Paul Richards is editor of Commercial Carrier Journal. E-mail [email protected] or call (610) 993-9430.
In a last-ditch effort to save the trucking industry from a misguided, multi-billion-dollar folly, the American Trucking Associations has reached for its biggest hammer and petitioned President Bush to delay this October’s implementation of new diesel emissions standards conjured up by the Environmental Protection Agency.
Good.
As you no doubt remember, a few years ago, EPA essentially punished heavy-duty diesel engine manufacturers for failure to comply with a law that didn’t exist. The sting went like this:
At the time, diesel-engine emission-certification consisted of city, or “transient-cycle,” tests only, which diesel manufacturers handily passed. Because there was no steady-state standard, engine makers allowed their electronic control units (ECUs) to advance injection timing under cruising conditions, thereby improving fuel economy, but slightly increasing oxides of nitrogen (NOx) emissions.
Somehow, EPA (which, by the way, was quite familiar with engine certification and its limitations) twisted the scenario, and declared the ECU to be a “defeat device” (to defeat what?). The punishment inflicted by the agency was a “consent decree,” signed by diesel engine manufacturers only to avoid more expensive litigation. It cost them more than $1 billion in fines and added costs. For a little salt on the wound, EPA also moved up its 2004 emissions requirements to October of this year.
It was kind of like installing a new stop sign at an intersection, then arresting everyone who used to drive through that intersection without stopping. It would have been a great time for a class-action lawsuit, brought by engine makers, against EPA.
But this is now, and ATA’s petition is based on information that wasn’t available when the extortion, I mean consent, decree was signed.

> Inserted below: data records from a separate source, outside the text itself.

(* Let $\mathcal{C}$ be a connected simply connected Cartan scheme whose real roots form a finite root system, let $a$ be an object, $\Gamma^a$ its Dynkin diagram, and $i\in I$. (1) For $i_1,\dots,i_k\in I$, the induced subdiagram on $\{i,i_1,\dots,i_k\}$ is connected in $\Gamma^a$ if and only if it is connected in $\Gamma^{\rho_i(a)}$. Let $j,k\in I$ with $|\{i,j,k\}|=3$. (2) If $i$ is connected neither to $j$ nor to $k$ (in $\Gamma^a$), then the connection between $j$ and $k$, including labels, is the same in $\Gamma^a$ and $\Gamma^{\rho_i(a)}$, i.e. $c^a_{jk}=c^{\rho_i(a)}_{jk}$ and $c^a_{kj}=c^{\rho_i(a)}_{kj}$. (3) If $i$ is connected to $j$ and not connected to $k$, then $j$ and $k$ are connected in $\Gamma^a$ if and only if they are connected in $\Gamma^{\rho_i(a)}$.
   Context: Cartan scheme $\mathcal{C}=(I,A,(\rho_i),(C^a))$: $A$ non-empty, involutions $\rho_i:A\to A$, generalized Cartan matrices $C^a=(c^a_{ij})$ ($c_{ii}=2$, $c_{ij}\le 0$ for $i\ne j$, $c_{ij}=0\Leftrightarrow c_{ji}=0$) with $c^a_{ij}=c^{\rho_i(a)}_{ij}$. Weyl groupoid generated by $\sigma_i^a:a\to\rho_i(a)$, $\sigma^a_i(\alpha_j)=\alpha_j-c^a_{ij}\alpha_i$ on $\mathbb{Z}^I$. Connected: all $\mathrm{Hom}(a,b)\neq\emptyset$; simply connected: $\mathrm{Hom}(a,a)=\{\mathrm{id}\}$. Real roots $R^a=\{w(\alpha_j): w\in\mathrm{Hom}(b,a)\}$, $R^a_+=R^a\cap\mathbb{N}_0^I$; finite root system: all $R^a$ finite, $R^a=R^a_+\cup-R^a_+$, $(\rho_i\rho_j)^{m^a_{ij}}(a)=a$ whenever $i\ne j$ and $m^a_{ij}=|R^a\cap(\mathbb{N}_0\alpha_i+\mathbb{N}_0\alpha_j)|<\infty$. The Dynkin diagram $\Gamma^a$ has vertex set $I$; distinct $i,j$ are connected iff $c^a_{ij}\ne0$, by an arrow to $i$ labelled $-c^a_{ij}$. *)

theory Defs
  imports Main
begin

text \<open>Cartan schemes with index set I = UNIV of a finite type 'i.\<close>

definition simple_root :: "'i \<Rightarrow> 'i \<Rightarrow> int" where
  "simple_root i = (\<lambda>k. if k = i then 1 else 0)"

definition cartan_scheme ::
  "'a set \<Rightarrow> ('i::finite \<Rightarrow> 'a \<Rightarrow> 'a) \<Rightarrow> ('a \<Rightarrow> 'i \<Rightarrow> 'i \<Rightarrow> int) \<Rightarrow> bool" where
  "cartan_scheme A rho C \<longleftrightarrow>
     A \<noteq> {} \<and>
     (\<forall>i. \<forall>a\<in>A. rho i a \<in> A \<and> rho i (rho i a) = a) \<and>
     (\<forall>a\<in>A. (\<forall>i. C a i i = 2) \<and>
             (\<forall>i j. i \<noteq> j \<longrightarrow> C a i j \<le> 0) \<and>
             (\<forall>i j. C a i j = 0 \<longleftrightarrow> C a j i = 0)) \<and>
     (\<forall>a\<in>A. \<forall>i j. C a i j = C (rho i a) i j)"

text \<open>The generator sigma_i^a : a \<rightarrow> rho_i(a), the linear map with
  sigma_i^a(alpha_j) = alpha_j - c^a_ij alpha_i.\<close>
definition sigma :: "('a \<Rightarrow> 'i::finite \<Rightarrow> 'i \<Rightarrow> int) \<Rightarrow> 'a \<Rightarrow> 'i \<Rightarrow> ('i \<Rightarrow> int) \<Rightarrow> ('i \<Rightarrow> int)" where
  "sigma C a i v = (\<lambda>k. v k - (if k = i then (\<Sum>j\<in>UNIV. C a i j * v j) else 0))"

text \<open>weyl_mor A rho C a b f: f is (the linear map of) a morphism in Hom(a,b)
  of the Weyl groupoid, i.e. a composition of generators sigma.\<close>
inductive weyl_mor ::
  "'a set \<Rightarrow> ('i::finite \<Rightarrow> 'a \<Rightarrow> 'a) \<Rightarrow> ('a \<Rightarrow> 'i \<Rightarrow> 'i \<Rightarrow> int) \<Rightarrow> 'a \<Rightarrow> 'a \<Rightarrow> (('i \<Rightarrow> int) \<Rightarrow> ('i \<Rightarrow> int)) \<Rightarrow> bool"
  for A rho C where
  mor_id: "a \<in> A \<Longrightarrow> weyl_mor A rho C a a id"
| mor_step: "weyl_mor A rho C a b f \<Longrightarrow> weyl_mor A rho C a (rho i b) (sigma C b i \<circ> f)"

definition ws_connected where
  "ws_connected A rho C \<longleftrightarrow> (\<forall>a\<in>A. \<forall>b\<in>A. \<exists>f. weyl_mor A rho C a b f)"

definition ws_simply_connected where
  "ws_simply_connected A rho C \<longleftrightarrow> (\<forall>a\<in>A. \<forall>f. weyl_mor A rho C a a f \<longrightarrow> f = id)"

definition real_roots where
  "real_roots A rho C a = {f (simple_root j) | b f j. weyl_mor A rho C b a f}"

definition pos_real_roots where
  "pos_real_roots A rho C a = {v \<in> real_roots A rho C a. \<forall>k. v k \<ge> 0}"

definition m_ij where
  "m_ij A rho C a i j = card {v \<in> real_roots A rho C a.
      v i \<ge> 0 \<and> v j \<ge> 0 \<and> (\<forall>k. k \<noteq> i \<and> k \<noteq> j \<longrightarrow> v k = 0)}"

definition finite_root_system where
  "finite_root_system A rho C \<longleftrightarrow>
     (\<forall>a\<in>A. finite (real_roots A rho C a)) \<and>
     (\<forall>a\<in>A. real_roots A rho C a =
              pos_real_roots A rho C a \<union> uminus ` pos_real_roots A rho C a) \<and>
     (\<forall>a\<in>A. \<forall>i j. i \<noteq> j \<longrightarrow>
        finite {v \<in> real_roots A rho C a.
          v i \<ge> 0 \<and> v j \<ge> 0 \<and> (\<forall>k. k \<noteq> i \<and> k \<noteq> j \<longrightarrow> v k = 0)} \<longrightarrow>
        ((rho i \<circ> rho j) ^^ m_ij A rho C a i j) a = a)"

definition dynkin_edge :: "('a \<Rightarrow> 'i \<Rightarrow> 'i \<Rightarrow> int) \<Rightarrow> 'a \<Rightarrow> 'i \<Rightarrow> 'i \<Rightarrow> bool" where
  "dynkin_edge C a i j \<longleftrightarrow> i \<noteq> j \<and> C a i j \<noteq> 0"

definition subdiagram_connected :: "('a \<Rightarrow> 'i \<Rightarrow> 'i \<Rightarrow> int) \<Rightarrow> 'a \<Rightarrow> 'i set \<Rightarrow> bool" where
  "subdiagram_connected C a S \<longleftrightarrow>
     (\<forall>x\<in>S. \<forall>y\<in>S. (x, y) \<in> {(u, v). u \<in> S \<and> v \<in> S \<and> dynkin_edge C a u v}\<^sup>*)"

end

theory Submission
  imports Defs
begin

text \<open>Two facts about real roots drive everything: a real root has no coefficients of opposite
  signs, and \<open>-c^a_jk\<close> is the largest \<open>m\<close> with \<open>\<alpha>_k + m \<alpha>_j \<in> R^a\<close> (it is attained by
  \<open>\<sigma>_j(\<alpha>_k)\<close>, and a larger \<open>m\<close> would make \<open>\<sigma>_j(\<alpha>_k + m \<alpha>_j)\<close> mixed). When \<open>\<sigma>_i\<close> fixes \<open>\<alpha>_j\<close>
  and \<open>\<alpha>_k\<close> it maps these root strings at \<open>a\<close> and at \<open>\<rho>_i(a)\<close> onto each other, which gives (2).
  If \<open>c^a_ik = c^a_kj = 0\<close> but \<open>c^b_kj = -n < 0\<close> for \<open>b = \<rho>_i(a)\<close>, then \<open>\<sigma>_i(\<alpha>_j + n \<alpha>_k) \<in> R^a\<close>
  has coefficients \<open>1\<close> at \<open>j\<close> and \<open>n\<close> at \<open>k\<close>, and \<open>\<sigma>_k\<close> turns the latter into \<open>-n\<close>. Hence an edge
  \<open>j\<close>--\<open>k\<close> survives the reflection when \<open>i\<close> is not adjacent to \<open>k\<close>, which gives (3), and an edge
  between two neighbours of \<open>i\<close> is replaced by the path through \<open>i\<close>, which gives (1).\<close>

lemma real_roots_simple_root:
  assumes "b \<in> A"
  shows "simple_root j \<in> real_roots A rho C b"
proof -
  have "weyl_mor A rho C b b id"
    using assms by (rule weyl_mor.mor_id)
  then show ?thesis
    unfolding real_roots_def by (metis (mono_tags, lifting) id_apply mem_Collect_eq)
qed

That information, regarding 2002 heavy-duty diesel engines, strongly indicates that the EPA incorrectly estimated:
- Initial, end-user purchase premiums;
- Fuel-economy penalties, which we’re now told will be 3 to 5 percent;
- Added maintenance costs;
- Reliability issues, which are still an unknown, because engine manufacturers were deprived of two years of testing, and have had to rush the engines into production;
- Residual value of vehicles equipped with the new engines;
- Overall, adverse economic impact, while overstating emissions reduction.
I hope George W. heeds ATA’s petition because, clearly, a higher authority needs to step in and stop what can only be described as EPA’s irrational vendetta against diesel engine manufacturers, OEMs and end users.
Consider that vehicle, or mobile-source, pollution is by no means the largest contributor to air pollution. Power plants are. And, as a part of mobile-source pollution, commercial diesel engines contribute only around 20 percent.
Seems to me that, if EPA were really serious about improving air quality, it would be cracking down on the gross polluters. Yet the agency recently, unbelievably, relaxed emissions standards for power plants.
And, in the do-as-I-say-not-as-I-do department, you should know that the EPA is hardly a model environmental citizen, having been named in a suit for failure to comply with a provision in the 1992 Energy Policy Act. That law requires federal agencies in larger cities to phase in purchases of alternative fuel vehicles starting in 1996, with 75 percent of their vehicles using alt-fuels by 1999 and thereafter.
Earthjustice attorney Jay Tutchton has accused EPA and several other government agencies of “wholesale noncompliance” with the law. The environmental law firm is representing the Center for Biological Diversity, Bluewater Network and the Sierra Club in the lawsuit.
While no such environmental group is likely to defend diesel power, they’ve done a service by helping to finger the EPA for being as capricious and arbitrary in its own compliance as it is in its rulemaking. In my opinion, if reason is to prevail, the agency desperately needs to be knocked down a peg or two.